__Work instruction__
Go over the data and keep only the lines that include "metis".

Stored data:
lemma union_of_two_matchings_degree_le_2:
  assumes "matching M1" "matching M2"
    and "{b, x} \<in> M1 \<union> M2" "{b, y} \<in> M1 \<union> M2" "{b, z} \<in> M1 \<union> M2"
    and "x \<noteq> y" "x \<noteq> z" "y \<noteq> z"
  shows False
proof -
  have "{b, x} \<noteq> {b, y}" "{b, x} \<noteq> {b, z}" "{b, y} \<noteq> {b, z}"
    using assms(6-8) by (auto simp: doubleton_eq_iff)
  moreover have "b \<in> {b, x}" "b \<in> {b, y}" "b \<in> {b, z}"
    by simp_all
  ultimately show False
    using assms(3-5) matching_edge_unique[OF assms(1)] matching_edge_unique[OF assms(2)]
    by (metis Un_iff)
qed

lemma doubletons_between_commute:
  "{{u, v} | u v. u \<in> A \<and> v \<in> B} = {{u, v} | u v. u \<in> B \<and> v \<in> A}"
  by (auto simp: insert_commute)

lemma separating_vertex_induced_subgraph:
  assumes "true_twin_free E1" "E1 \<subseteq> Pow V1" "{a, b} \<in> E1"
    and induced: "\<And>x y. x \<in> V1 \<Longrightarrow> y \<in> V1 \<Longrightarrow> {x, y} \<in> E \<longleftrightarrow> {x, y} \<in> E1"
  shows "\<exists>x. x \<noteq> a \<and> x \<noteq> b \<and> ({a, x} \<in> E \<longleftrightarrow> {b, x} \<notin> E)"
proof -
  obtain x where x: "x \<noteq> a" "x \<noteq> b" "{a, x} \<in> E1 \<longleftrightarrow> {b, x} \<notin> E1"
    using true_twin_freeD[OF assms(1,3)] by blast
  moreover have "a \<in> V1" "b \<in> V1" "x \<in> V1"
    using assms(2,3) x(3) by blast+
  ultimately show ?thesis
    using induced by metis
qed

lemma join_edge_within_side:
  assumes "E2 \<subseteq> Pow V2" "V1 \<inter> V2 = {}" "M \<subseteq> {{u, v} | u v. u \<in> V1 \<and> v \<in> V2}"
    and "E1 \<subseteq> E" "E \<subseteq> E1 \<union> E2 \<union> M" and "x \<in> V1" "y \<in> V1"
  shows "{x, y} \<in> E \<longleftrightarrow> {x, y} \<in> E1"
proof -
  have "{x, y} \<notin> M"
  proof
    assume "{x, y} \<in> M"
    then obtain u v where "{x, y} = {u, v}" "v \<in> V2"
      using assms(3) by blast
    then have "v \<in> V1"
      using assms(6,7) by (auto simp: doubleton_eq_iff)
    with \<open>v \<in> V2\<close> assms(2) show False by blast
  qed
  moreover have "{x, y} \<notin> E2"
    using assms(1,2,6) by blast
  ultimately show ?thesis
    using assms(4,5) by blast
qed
--
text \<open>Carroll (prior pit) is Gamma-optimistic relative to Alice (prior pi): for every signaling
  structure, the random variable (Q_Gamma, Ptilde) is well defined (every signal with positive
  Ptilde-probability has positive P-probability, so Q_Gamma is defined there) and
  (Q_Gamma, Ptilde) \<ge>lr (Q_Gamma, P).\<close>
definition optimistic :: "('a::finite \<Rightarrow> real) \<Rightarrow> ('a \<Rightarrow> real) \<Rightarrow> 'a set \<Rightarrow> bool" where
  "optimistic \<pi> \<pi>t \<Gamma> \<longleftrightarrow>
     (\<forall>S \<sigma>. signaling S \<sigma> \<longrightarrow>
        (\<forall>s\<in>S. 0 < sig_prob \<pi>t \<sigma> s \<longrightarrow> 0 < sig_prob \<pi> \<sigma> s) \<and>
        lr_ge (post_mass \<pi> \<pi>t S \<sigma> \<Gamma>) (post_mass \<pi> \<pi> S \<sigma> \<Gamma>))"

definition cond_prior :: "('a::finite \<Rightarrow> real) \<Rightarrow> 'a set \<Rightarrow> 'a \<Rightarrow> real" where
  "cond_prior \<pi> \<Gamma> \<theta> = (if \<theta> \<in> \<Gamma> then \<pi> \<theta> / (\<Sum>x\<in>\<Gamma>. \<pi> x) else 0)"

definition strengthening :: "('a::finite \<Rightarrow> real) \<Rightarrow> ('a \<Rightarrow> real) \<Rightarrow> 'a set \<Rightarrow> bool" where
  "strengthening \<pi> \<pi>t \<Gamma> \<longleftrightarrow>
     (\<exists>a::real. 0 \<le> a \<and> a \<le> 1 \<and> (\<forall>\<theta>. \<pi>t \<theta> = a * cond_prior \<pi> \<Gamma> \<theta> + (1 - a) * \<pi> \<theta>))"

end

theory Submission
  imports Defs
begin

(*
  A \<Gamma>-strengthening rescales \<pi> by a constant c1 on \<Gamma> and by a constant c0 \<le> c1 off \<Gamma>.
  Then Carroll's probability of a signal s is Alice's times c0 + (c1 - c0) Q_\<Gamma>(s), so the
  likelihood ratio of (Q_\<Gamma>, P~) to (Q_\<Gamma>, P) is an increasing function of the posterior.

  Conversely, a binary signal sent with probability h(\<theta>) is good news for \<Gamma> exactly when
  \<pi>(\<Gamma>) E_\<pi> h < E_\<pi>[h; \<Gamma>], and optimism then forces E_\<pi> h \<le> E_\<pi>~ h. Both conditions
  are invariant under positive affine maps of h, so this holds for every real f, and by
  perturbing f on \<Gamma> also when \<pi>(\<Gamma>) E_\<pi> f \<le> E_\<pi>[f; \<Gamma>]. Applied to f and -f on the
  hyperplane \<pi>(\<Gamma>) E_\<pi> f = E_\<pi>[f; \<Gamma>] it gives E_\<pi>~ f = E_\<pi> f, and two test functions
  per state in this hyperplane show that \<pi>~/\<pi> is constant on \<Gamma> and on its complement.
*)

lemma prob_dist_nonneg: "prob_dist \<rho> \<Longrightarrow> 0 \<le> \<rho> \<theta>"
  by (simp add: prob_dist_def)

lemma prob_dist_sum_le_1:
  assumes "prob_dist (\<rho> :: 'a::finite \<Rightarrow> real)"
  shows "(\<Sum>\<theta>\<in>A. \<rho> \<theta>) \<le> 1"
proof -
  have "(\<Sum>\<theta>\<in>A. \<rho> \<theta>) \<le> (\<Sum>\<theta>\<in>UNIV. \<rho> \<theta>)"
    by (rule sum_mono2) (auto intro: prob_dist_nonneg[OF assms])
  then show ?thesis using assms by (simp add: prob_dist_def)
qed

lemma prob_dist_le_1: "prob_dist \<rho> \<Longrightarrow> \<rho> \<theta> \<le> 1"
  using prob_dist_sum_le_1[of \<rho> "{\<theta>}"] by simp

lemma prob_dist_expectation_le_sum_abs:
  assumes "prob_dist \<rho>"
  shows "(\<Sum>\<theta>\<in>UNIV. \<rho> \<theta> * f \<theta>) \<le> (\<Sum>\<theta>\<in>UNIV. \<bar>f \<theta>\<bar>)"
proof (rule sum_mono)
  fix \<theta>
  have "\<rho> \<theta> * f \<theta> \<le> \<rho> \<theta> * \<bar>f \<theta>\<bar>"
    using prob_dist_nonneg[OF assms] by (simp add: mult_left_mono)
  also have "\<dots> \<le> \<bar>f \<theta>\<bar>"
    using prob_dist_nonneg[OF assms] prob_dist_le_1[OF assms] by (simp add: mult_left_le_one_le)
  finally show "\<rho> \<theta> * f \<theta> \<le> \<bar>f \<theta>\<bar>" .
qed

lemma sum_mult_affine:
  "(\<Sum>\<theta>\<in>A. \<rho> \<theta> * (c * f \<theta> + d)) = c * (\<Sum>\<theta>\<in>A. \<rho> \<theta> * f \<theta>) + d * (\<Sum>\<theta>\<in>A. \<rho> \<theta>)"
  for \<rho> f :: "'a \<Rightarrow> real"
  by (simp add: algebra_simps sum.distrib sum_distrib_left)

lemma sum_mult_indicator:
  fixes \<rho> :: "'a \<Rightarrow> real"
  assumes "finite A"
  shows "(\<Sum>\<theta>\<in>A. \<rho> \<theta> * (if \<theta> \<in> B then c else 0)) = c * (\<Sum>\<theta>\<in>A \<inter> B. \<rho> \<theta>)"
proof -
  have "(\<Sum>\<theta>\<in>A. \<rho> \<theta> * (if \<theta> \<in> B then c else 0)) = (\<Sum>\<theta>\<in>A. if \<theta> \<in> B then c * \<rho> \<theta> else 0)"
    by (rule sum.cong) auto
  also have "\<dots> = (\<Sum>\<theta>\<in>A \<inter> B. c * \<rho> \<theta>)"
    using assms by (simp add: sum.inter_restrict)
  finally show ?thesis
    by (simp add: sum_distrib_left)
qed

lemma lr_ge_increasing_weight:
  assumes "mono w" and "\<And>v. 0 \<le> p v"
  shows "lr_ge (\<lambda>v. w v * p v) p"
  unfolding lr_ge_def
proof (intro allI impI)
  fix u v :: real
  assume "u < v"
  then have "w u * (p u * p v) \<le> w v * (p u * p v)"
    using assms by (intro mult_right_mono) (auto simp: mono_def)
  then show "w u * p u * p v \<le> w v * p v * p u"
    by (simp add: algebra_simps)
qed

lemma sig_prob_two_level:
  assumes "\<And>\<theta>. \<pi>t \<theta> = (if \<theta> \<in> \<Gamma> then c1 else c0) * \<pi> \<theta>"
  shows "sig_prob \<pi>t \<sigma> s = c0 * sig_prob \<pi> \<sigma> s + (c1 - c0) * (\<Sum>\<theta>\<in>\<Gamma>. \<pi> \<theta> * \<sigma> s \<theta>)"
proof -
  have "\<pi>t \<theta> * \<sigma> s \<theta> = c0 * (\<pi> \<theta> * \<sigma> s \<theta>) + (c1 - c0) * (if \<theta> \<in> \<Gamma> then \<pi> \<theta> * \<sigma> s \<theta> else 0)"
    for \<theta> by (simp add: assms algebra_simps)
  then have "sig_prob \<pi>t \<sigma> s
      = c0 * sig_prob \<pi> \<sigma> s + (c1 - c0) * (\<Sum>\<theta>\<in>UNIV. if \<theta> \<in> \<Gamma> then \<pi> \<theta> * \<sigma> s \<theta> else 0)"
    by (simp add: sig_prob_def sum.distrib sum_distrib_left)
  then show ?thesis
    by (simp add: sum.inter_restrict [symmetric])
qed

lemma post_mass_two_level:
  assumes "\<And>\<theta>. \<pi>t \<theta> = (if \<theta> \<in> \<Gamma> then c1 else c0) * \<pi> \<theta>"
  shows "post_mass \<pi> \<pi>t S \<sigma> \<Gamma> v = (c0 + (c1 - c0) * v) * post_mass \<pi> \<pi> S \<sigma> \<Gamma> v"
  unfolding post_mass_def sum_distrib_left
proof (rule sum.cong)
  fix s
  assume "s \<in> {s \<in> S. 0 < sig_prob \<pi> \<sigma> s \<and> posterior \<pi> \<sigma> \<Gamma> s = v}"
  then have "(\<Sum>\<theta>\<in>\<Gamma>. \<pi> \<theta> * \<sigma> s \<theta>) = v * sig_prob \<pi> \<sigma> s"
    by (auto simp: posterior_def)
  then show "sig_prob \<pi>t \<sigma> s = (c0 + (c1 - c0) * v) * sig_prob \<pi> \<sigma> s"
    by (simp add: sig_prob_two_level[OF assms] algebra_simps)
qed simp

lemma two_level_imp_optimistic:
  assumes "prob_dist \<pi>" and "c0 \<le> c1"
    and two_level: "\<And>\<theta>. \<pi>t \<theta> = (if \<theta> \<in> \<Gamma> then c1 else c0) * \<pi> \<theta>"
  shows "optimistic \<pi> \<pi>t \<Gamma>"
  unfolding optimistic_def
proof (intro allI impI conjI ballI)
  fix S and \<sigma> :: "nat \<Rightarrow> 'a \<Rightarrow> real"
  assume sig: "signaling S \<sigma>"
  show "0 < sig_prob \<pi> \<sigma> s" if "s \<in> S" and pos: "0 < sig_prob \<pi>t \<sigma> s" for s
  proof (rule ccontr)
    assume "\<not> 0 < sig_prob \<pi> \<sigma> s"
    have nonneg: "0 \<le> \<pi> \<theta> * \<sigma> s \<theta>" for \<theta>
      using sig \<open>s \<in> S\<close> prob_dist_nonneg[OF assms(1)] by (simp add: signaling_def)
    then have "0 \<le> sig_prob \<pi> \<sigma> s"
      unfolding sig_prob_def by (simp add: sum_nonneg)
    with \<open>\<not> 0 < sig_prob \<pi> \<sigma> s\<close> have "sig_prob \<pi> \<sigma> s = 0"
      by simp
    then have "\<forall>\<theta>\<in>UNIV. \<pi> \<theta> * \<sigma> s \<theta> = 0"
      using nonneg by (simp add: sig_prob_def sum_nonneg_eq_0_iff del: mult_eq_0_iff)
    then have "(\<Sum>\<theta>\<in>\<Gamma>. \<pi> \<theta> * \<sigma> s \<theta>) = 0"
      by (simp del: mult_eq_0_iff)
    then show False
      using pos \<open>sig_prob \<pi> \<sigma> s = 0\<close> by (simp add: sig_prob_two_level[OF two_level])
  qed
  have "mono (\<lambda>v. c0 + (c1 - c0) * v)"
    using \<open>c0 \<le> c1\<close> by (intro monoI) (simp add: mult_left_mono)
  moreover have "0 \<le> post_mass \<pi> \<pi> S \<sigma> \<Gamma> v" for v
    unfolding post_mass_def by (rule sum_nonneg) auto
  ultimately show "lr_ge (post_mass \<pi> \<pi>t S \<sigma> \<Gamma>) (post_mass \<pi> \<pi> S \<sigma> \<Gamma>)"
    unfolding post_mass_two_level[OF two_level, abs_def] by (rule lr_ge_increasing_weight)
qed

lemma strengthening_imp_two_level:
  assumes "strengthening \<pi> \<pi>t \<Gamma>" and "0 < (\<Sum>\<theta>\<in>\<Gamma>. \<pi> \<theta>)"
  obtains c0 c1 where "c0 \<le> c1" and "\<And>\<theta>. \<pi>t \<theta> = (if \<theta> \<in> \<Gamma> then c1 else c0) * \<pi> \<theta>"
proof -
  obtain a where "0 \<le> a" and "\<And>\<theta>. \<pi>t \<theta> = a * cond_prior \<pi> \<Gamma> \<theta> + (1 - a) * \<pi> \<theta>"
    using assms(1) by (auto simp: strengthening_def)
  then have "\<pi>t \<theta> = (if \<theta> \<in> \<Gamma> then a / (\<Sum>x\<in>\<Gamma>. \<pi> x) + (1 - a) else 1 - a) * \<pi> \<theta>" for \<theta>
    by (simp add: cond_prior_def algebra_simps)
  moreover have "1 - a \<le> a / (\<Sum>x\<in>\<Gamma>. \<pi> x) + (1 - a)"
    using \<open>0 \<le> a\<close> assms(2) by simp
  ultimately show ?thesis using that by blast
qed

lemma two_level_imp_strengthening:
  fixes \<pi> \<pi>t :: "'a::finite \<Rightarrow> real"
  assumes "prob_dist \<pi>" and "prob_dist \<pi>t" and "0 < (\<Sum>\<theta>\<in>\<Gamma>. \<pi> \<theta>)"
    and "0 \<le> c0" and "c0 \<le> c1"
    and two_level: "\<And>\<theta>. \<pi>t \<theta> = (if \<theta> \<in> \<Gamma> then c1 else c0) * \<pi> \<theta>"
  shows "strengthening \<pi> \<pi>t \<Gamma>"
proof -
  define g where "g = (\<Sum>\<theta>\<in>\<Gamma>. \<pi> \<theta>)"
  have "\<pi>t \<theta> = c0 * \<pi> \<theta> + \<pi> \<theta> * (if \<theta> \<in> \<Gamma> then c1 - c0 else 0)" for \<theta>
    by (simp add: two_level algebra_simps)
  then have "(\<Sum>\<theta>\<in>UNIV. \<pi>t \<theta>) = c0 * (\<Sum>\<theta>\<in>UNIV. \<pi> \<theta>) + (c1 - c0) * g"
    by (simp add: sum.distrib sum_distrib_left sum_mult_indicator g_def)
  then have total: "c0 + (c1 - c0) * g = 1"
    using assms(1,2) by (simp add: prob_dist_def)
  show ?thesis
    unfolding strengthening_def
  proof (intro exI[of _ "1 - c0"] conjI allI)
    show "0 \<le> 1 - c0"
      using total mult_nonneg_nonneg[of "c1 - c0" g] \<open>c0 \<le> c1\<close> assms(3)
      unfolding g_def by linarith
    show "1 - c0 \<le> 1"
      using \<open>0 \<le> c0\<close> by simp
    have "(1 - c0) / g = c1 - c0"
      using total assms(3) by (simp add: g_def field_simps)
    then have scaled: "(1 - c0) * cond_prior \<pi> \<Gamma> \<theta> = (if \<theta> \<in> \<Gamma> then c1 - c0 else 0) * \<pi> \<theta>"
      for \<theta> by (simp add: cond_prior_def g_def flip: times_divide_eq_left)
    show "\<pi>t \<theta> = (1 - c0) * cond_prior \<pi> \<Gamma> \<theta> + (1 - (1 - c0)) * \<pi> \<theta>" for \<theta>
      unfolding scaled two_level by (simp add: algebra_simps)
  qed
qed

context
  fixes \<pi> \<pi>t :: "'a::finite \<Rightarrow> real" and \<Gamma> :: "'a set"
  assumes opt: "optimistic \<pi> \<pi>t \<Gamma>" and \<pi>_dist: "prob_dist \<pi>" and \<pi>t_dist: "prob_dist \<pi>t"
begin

__Output for this task__
    by (metis Un_iff)
    using induced by metis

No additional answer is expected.